- **Dataset content**
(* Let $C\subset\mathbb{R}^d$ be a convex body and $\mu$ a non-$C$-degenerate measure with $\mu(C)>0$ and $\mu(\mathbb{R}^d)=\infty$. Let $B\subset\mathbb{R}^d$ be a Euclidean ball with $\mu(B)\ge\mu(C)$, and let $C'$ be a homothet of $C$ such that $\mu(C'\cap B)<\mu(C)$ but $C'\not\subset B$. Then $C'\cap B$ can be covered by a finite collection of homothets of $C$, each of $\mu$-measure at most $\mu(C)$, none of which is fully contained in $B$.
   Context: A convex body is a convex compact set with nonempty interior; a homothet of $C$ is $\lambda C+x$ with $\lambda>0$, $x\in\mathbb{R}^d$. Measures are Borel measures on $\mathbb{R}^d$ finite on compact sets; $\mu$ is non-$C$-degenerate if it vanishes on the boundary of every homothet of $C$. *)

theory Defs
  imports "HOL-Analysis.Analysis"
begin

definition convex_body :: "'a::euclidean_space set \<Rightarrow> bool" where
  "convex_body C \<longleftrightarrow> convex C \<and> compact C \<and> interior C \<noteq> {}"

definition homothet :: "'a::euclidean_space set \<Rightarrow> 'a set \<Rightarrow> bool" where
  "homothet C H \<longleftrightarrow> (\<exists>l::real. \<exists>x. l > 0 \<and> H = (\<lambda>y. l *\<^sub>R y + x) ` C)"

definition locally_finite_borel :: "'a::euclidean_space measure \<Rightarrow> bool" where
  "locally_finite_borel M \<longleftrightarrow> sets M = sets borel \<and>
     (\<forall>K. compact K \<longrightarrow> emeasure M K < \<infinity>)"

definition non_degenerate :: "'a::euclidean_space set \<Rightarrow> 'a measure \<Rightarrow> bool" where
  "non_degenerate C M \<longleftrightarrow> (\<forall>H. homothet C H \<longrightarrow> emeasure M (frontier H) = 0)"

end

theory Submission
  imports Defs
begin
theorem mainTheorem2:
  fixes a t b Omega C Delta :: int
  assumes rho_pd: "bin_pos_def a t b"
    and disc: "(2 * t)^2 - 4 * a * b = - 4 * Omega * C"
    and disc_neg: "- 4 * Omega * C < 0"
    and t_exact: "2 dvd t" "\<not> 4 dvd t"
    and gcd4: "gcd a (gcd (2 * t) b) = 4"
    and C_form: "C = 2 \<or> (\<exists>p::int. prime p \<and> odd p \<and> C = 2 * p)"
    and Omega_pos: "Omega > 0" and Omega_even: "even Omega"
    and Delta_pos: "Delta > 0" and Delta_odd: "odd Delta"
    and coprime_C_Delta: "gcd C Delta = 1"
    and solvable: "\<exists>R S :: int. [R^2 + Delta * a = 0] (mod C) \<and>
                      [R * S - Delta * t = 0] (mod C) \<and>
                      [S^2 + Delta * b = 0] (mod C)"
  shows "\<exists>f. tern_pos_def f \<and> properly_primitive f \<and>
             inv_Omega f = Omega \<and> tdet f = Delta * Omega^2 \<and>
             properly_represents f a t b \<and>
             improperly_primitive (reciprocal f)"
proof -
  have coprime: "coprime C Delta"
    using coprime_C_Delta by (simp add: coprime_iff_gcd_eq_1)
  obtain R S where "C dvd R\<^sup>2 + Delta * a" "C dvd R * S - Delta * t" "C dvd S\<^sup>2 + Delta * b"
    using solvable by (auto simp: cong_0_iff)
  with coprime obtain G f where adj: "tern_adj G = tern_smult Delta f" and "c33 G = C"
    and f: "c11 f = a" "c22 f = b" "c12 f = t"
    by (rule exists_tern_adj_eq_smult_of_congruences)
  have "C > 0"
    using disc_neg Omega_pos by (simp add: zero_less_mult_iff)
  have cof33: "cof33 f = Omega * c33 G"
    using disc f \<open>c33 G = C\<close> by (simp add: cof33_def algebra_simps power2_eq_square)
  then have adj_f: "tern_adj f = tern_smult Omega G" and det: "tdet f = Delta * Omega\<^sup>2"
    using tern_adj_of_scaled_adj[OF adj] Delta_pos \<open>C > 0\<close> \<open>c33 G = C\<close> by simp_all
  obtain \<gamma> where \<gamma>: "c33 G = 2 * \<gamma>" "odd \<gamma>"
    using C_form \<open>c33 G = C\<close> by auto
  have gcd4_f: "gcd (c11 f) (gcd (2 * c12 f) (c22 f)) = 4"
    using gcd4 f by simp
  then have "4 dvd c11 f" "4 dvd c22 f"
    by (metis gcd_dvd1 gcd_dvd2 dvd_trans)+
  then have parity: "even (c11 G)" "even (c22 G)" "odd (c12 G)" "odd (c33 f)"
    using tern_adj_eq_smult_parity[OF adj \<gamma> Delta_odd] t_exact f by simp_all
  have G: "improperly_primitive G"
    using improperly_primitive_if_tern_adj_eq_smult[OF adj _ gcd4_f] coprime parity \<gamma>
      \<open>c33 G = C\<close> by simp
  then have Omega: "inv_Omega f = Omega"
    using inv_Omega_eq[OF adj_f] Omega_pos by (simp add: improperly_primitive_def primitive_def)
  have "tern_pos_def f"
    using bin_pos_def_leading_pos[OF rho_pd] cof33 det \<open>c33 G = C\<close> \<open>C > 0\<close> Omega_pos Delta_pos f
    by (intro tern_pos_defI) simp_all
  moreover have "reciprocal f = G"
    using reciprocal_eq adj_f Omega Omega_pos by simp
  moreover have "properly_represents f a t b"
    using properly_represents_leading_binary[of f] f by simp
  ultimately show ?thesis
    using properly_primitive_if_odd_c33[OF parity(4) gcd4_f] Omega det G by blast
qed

==

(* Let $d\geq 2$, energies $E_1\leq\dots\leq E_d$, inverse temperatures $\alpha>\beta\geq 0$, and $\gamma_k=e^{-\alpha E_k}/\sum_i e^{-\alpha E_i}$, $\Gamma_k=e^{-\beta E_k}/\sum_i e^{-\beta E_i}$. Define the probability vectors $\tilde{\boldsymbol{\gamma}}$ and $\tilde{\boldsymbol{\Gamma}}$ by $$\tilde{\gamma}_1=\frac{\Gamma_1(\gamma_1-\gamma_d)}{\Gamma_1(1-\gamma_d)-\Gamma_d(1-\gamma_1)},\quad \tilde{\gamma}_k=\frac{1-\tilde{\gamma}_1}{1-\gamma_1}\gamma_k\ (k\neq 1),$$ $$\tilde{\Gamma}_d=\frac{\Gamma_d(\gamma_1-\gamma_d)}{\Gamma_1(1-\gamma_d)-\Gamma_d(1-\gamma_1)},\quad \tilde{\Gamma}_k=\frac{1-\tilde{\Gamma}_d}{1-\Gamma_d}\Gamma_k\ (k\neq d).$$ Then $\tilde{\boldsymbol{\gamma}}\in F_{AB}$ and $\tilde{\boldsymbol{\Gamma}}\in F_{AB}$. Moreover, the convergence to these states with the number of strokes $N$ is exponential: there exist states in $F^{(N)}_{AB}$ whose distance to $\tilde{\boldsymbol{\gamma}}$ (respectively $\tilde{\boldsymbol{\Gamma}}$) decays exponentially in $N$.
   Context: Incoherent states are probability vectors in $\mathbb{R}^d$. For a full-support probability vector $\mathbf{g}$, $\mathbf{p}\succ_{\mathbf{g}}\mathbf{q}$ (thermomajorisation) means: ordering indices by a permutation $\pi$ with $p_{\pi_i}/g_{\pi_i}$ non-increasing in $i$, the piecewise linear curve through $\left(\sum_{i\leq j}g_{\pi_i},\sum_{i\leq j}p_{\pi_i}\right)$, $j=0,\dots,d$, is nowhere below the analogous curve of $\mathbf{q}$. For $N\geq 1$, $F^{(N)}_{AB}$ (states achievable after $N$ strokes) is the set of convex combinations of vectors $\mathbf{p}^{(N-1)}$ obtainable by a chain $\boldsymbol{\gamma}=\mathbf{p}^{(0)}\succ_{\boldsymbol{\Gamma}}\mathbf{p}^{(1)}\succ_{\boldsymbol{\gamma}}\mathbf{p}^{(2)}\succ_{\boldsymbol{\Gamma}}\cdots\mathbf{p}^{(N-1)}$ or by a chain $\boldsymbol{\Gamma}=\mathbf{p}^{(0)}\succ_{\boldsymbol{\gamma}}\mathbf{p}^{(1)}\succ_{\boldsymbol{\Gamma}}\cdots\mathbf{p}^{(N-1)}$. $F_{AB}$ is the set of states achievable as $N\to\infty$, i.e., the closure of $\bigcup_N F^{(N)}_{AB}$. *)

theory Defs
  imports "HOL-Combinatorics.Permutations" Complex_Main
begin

* * *

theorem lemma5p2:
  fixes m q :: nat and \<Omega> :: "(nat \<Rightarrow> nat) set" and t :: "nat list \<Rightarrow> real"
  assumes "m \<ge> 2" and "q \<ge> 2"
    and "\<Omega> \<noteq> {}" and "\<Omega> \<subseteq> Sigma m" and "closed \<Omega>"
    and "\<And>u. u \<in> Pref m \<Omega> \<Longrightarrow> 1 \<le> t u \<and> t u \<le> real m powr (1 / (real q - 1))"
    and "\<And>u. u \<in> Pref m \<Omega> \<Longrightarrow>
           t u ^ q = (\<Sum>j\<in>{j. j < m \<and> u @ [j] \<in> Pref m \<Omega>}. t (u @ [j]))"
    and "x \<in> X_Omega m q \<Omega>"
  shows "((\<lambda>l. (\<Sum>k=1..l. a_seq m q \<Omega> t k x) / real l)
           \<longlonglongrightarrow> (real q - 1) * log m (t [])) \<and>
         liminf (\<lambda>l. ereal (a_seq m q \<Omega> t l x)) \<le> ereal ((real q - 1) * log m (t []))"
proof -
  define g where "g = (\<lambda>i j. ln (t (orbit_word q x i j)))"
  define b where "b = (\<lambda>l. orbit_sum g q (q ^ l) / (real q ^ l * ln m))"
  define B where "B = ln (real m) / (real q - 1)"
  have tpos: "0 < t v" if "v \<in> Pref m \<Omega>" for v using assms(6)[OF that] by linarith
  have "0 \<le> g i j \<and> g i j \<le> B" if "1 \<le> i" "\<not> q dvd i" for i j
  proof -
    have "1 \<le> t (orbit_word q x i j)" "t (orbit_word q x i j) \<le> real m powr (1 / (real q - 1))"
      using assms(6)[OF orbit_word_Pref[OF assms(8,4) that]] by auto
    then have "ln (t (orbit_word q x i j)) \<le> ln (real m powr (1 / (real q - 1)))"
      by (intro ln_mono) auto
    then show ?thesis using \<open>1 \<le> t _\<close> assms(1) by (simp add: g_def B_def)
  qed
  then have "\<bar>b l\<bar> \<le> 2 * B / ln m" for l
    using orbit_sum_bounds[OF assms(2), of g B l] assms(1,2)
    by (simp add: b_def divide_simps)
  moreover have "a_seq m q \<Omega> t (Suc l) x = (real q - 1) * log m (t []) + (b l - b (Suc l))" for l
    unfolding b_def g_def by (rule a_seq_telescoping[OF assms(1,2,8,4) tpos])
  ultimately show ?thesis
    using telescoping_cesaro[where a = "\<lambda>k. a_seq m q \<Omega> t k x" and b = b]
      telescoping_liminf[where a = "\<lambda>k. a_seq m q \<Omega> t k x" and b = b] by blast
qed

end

- **The task**
Above are the records. Copy every line in them holding "fixes".

- **Task solution**
  fixes a t b Omega C Delta :: int
  fixes m q :: nat and \<Omega> :: "(nat \<Rightarrow> nat) set" and t :: "nat list \<Rightarrow> real"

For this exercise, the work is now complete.